Professor, Probability

Professor, Probability in the Department of Mathematical Sciences+44 (0) 191 33 43122


After receiving his MSc degree in engineering (theoretical physics) in 2000 from Gent University, Belgium, Matthias Troffaes joined the SYSTeMS research group at the same university as a doctoral researcher, pursuing research in imprecise probability theory under the guidance of Gert de Cooman, earning the degree of PhD in April 2005. In July 2005, he went to Carnegie Mellon University as a Francqui Foundation Fellow of the Belgian American Educational Foundation, working as a post-doctoral researcher with Teddy Seidenfeld. In September 2006, he joined the Department of Mathematical Sciences, Durham University, where he is currently Professor.

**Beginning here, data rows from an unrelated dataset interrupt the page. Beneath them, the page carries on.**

lemma staircase_cost_lower_bounds:
  fixes F :: "real \<Rightarrow> real" and y :: "nat \<Rightarrow> nat"
  assumes "\<And>i. i < m \<Longrightarrow> y (Suc i) \<le> y i"
    and "\<forall>x\<ge>0. 0 \<le> F x" "mono_on {0..} F" "strictly_convex_on {0..} F" "F 0 = 0"
  defines "C \<equiv> (\<Sum>i<m. F (real (y i) - real (y (Suc i)))) + F (real (y m))"
  shows "F (real (y 0) / real (m + 1)) \<le> C" and "real (y 0) * F 1 \<le> C"
proof -
  define d where "d i = (if i < m then y i - y (Suc i) else y m)" for i
  have "(\<Sum>i<m. real (d i)) = (\<Sum>i<m. real (y i) - real (y (Suc i)))"
    using assms(1) by (intro sum.cong) (auto simp: d_def of_nat_diff)
  then have "(\<Sum>i\<le>m. real (d i)) = real (y 0)"
    by (simp add: lessThan_Suc_atMost[symmetric] sum_lessThan_telescope'[of "\<lambda>i. real (y i)"] d_def)
  then have sum_d: "(\<Sum>i\<le>m. d i) = y 0"
    by (metis of_nat_eq_iff of_nat_sum)
  have "(\<Sum>i<m. F (real (y i) - real (y (Suc i)))) = (\<Sum>i<m. F (real (d i)))"
    using assms(1) by (intro sum.cong) (auto simp: d_def of_nat_diff)
  then have C: "C = (\<Sum>i\<le>m. F (real (d i)))"
    by (simp add: C_def lessThan_Suc_atMost[symmetric] d_def)
  show "F (real (y 0) / real (m + 1)) \<le> C"
    using mono_average_le_sum[of "{..m}" "\<lambda>i. real (d i)" F] assms(2,3)
    by (simp add: C sum_d[symmetric])
  show "real (y 0) * F 1 \<le> C"
    using sum_of_nat_mult_le_sum_strictly_convex[OF assms(4,5), of d "{..m}"]
    by (simp add: C sum_d)
qed

text \<open>\<open>epoch i \<omega>\<close> is the paper's \<open>\<sigma>\<^sub>i\<close> (with \<open>\<sigma>\<^sub>0 = 0\<close>), one index behind \<open>arrival\<close>.\<close>

definition epoch :: "nat \<Rightarrow> (nat \<Rightarrow> real) \<Rightarrow> real" where
  "epoch i \<omega> = (\<Sum>j<i. \<omega> j)"
text \<open>The weights \<open>1 - \<mu> s / \<mu> s1\<close> are nonnegative by the minimality of \<open>\<mu> s1\<close> and
  vanish at \<open>s1\<close>; since \<open>\<mu>\<close> is a dependence, the column sums stay \<open>1\<close>.\<close>
lemma shift_along_dependence:
  assumes scheme: "is_mixed_scheme m S \<phi>"
    and dep: "\<And>j. j < m \<Longrightarrow> (\<Sum>s\<in>S. \<mu> s * \<phi> j s) = 0"
    and s1: "s1 \<in> S" "\<mu> s1 < 0" "\<And>s. s \<in> S \<Longrightarrow> \<mu> s1 \<le> \<mu> s"
  defines "\<phi>' \<equiv> \<lambda>j s. (1 - \<mu> s / \<mu> s1) * \<phi> j s"
  shows "is_mixed_scheme m (S - {s1}) \<phi>'"
    and "scheme_value F (S - {s1}) \<phi>' =
           scheme_value F S \<phi> - (\<Sum>s\<in>S. \<mu> s * F (\<lambda>j. \<phi> j s)) / \<mu> s1"
proof -
  define l where "l s = 1 - \<mu> s / \<mu> s1" for s
  have fin: "finite S" and nonneg: "\<And>j s. j < m \<Longrightarrow> s \<in> S \<Longrightarrow> 0 \<le> \<phi> j s"
    and prior: "\<And>j. j < m \<Longrightarrow> (\<Sum>s\<in>S. \<phi> j s) = 1"
    using scheme by (auto simp: is_mixed_scheme_def)
  have l_nonneg: "0 \<le> l s" if "s \<in> S" for s
    using s1(2) s1(3)[OF that] by (simp add: l_def divide_le_eq_1)
  have split: "(\<Sum>s\<in>S. g s) = g s1 + (\<Sum>s\<in>S - {s1}. g s)" for g :: "nat \<Rightarrow> real"
    using fin s1(1) by (simp add: sum.remove)
  have dropped: "(\<Sum>s\<in>S - {s1}. l s * g s) = (\<Sum>s\<in>S. g s) - (\<Sum>s\<in>S. \<mu> s * g s) / \<mu> s1"
    for g :: "nat \<Rightarrow> real"
    using split[of "\<lambda>s. l s * g s"] s1(2)
    by (simp add: l_def algebra_simps sum_subtractf sum_divide_distrib)
  show "is_mixed_scheme m (S - {s1}) \<phi>'"
    using fin nonneg l_nonneg dropped[of "\<phi> _"] prior dep
    by (intro is_mixed_schemeI) (auto simp: \<phi>'_def l_def[symmetric])
  have "scheme_value F (S - {s1}) \<phi>' = (\<Sum>s\<in>S - {s1}. l s * F (\<lambda>j. \<phi> j s))"
    unfolding scheme_value_def \<phi>'_def l_def[symmetric] using l_nonneg
    by (intro sum.cong) (auto simp: F_scale)
  then show "scheme_value F (S - {s1}) \<phi>' =
      scheme_value F S \<phi> - (\<Sum>s\<in>S. \<mu> s * F (\<lambda>j. \<phi> j s)) / \<mu> s1"
    by (simp add: dropped scheme_value_def)
qed

lemma eliminate_signal:
  assumes scheme: "is_mixed_scheme m S \<phi>" and many: "m < card S"
    and active: "\<And>s. s \<in> S \<Longrightarrow> \<exists>j<m. \<phi> j s \<noteq> 0"
  shows "\<exists>s1\<in>S. \<exists>\<phi>'. is_mixed_scheme m (S - {s1}) \<phi>' \<and>
           scheme_value F S \<phi> \<le> scheme_value F (S - {s1}) \<phi>'"
proof -
  have fin: "finite S" and nonneg: "\<And>j s. j < m \<Longrightarrow> s \<in> S \<Longrightarrow> 0 \<le> \<phi> j s"
    using scheme by (auto simp: is_mixed_scheme_def)
  obtain \<mu>0 where \<mu>0: "\<exists>s\<in>S. \<mu>0 s \<noteq> 0" "\<forall>j<m. (\<Sum>s\<in>S. \<mu>0 s * \<phi> j s) = 0"
    using exists_linear_dependence[OF fin many] by blast
  define gain where "gain \<mu> = (\<Sum>s\<in>S. \<mu> s * F (\<lambda>j. \<phi> j s))" for \<mu>
  obtain \<mu> where \<mu>: "\<exists>s\<in>S. \<mu> s \<noteq> 0" "\<And>j. j < m \<Longrightarrow> (\<Sum>s\<in>S. \<mu> s * \<phi> j s) = 0"
    "0 \<le> gain \<mu>"
  proof (cases "0 \<le> gain \<mu>0")
    case True
    with \<mu>0 that show thesis by blast
  next
    case False
    then have "0 \<le> gain (\<lambda>s. - \<mu>0 s)"
      by (simp add: gain_def sum_negf)
    with \<mu>0 that[of "\<lambda>s. - \<mu>0 s"] show thesis
      by (simp add: sum_negf)
  qed
  have "\<exists>s\<in>S. \<mu> s < 0"
  proof (rule ccontr)
    assume "\<not> (\<exists>s\<in>S. \<mu> s < 0)"
    then have pos: "0 \<le> \<mu> s" if "s \<in> S" for s
      using that by force
    obtain s where s: "s \<in> S" "\<mu> s \<noteq> 0" using \<mu>(1) by blast
    obtain j where j: "j < m" "\<phi> j s \<noteq> 0" using active[OF s(1)] by blast
    have "\<mu> s * \<phi> j s = 0"
      using \<mu>(2)[OF j(1)] sum_nonneg_eq_0_iff[OF fin, of "\<lambda>s. \<mu> s * \<phi> j s"]
        pos nonneg[OF j(1)] s(1)
      by simp
    with s j show False by simp
  qed
  then obtain s1 where s1: "s1 \<in> S" "\<mu> s1 < 0" "\<And>s. s \<in> S \<Longrightarrow> \<mu> s1 \<le> \<mu> s"
    using finite_has_maximizer[OF fin, of "\<lambda>s. - \<mu> s"] by force
  note shifted = shift_along_dependence[OF scheme \<mu>(2) s1]
  have "scheme_value F S \<phi> \<le> scheme_value F S \<phi> - gain \<mu> / \<mu> s1"
    using \<mu>(3) s1(2) by (simp add: divide_nonneg_neg)
  then have "scheme_value F S \<phi> \<le> scheme_value F (S - {s1}) (\<lambda>j s. (1 - \<mu> s / \<mu> s1) * \<phi> j s)"
    by (simp only: shifted(2) gain_def)
  with shifted(1) s1(1) show ?thesis
    by blast
qed

lemma few_signals_suffice:
  assumes "is_mixed_scheme m S \<phi>"
  shows "\<exists>S' \<phi>'. is_mixed_scheme m S' \<phi>' \<and> card S' \<le> m \<and>
           scheme_value F S \<phi> \<le> scheme_value F S' \<phi>'"
  using assms
proof (induction "card S" arbitrary: S \<phi> rule: less_induct)
  case less
  have fin: "finite S"
    using less.prems by (simp add: is_mixed_scheme_def)
  consider "card S \<le> m" | "m < card S" "\<And>s. s \<in> S \<Longrightarrow> \<exists>j<m. \<phi> j s \<noteq> 0"
    | s0 where "s0 \<in> S" "\<And>j. j < m \<Longrightarrow> \<phi> j s0 = 0"
    by fastforce
  then show ?case
  proof cases
    case 1
    with less.prems show ?thesis by blast
  next
    case 2
    then obtain s1 \<phi>' where "s1 \<in> S" "is_mixed_scheme m (S - {s1}) \<phi>'"
      "scheme_value F S \<phi> \<le> scheme_value F (S - {s1}) \<phi>'"
      using eliminate_signal[OF less.prems] by blast
    with less.hyps[of "S - {s1}" \<phi>'] fin show ?thesis
      by (meson card_Diff1_less order_trans)
  next
    case 3
    with remove_null_signal[OF less.prems] less.hyps[of "S - {s0}" \<phi>] fin show ?thesis
      by (metis card_Diff1_less)
  qed
qed

end

definition bid :: "nat \<Rightarrow> (nat \<Rightarrow> nat \<Rightarrow> real) \<Rightarrow> nat \<Rightarrow> (nat \<Rightarrow> real) \<Rightarrow> real" where
  "bid m w i x = (\<Sum>j<m. w i j * x j)"

definition signal_revenue :: "nat \<Rightarrow> nat \<Rightarrow> (nat \<Rightarrow> nat \<Rightarrow> real) \<Rightarrow> (nat \<Rightarrow> real) \<Rightarrow> real" where
  "signal_revenue n m w x = max2 (map (\<lambda>i. bid m w i x) [0..<n])"

definition bidder_pairs :: "nat \<Rightarrow> (nat \<times> nat) set" where
  "bidder_pairs n = {(a, k). a < n \<and> k < n \<and> a \<noteq> k}"

definition top_two ::
    "nat \<Rightarrow> nat \<Rightarrow> (nat \<Rightarrow> nat \<Rightarrow> real) \<Rightarrow> nat \<times> nat \<Rightarrow> (nat \<Rightarrow> real) \<Rightarrow> bool" where
  "top_two n m w c x \<longleftrightarrow> bid m w (snd c) x \<le> bid m w (fst c) x \<and>
     (\<forall>b<n. b \<noteq> fst c \<longrightarrow> bid m w b x \<le> bid m w (snd c) x)"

My research is concerned with modelling and quantifying severe uncertainty and decision making under severe uncertainty. My interests lie in the theoretical probabilistic foundations behind such modelling, as well as practical statistical applications of such modelling.

In many practical applications, severe uncertainty arises due to insufficient data or expert opinion, relative to the complexity of the model. In such cases, it has been argued that no unique probability distribution can really honestly describe our knowledge. This discussion has a long history; see for instance Boole (1854), Keynes (1921), Williams (1975), Walley (1991), Weichselberger (1995), Shafer & Vovk (2001), Troffaes & De Cooman (2014), and many others.

For example, consider the probability that it rains on the day exactly twenty years from now. Experts may have a hard time to put a precise number on such probability, due to the complexity of climate modelling, but also due to uncertainty about climate change and about how politicians will respond it. However, experts may find it much easier to specify lower and upper bounds on such probability. From a Bayesian point of view, experts may have a hard time to put a precise prior distribution over such probability, but they may find it much easier to specify a set of prior distributions, for instance by bounding prior predictive quantities.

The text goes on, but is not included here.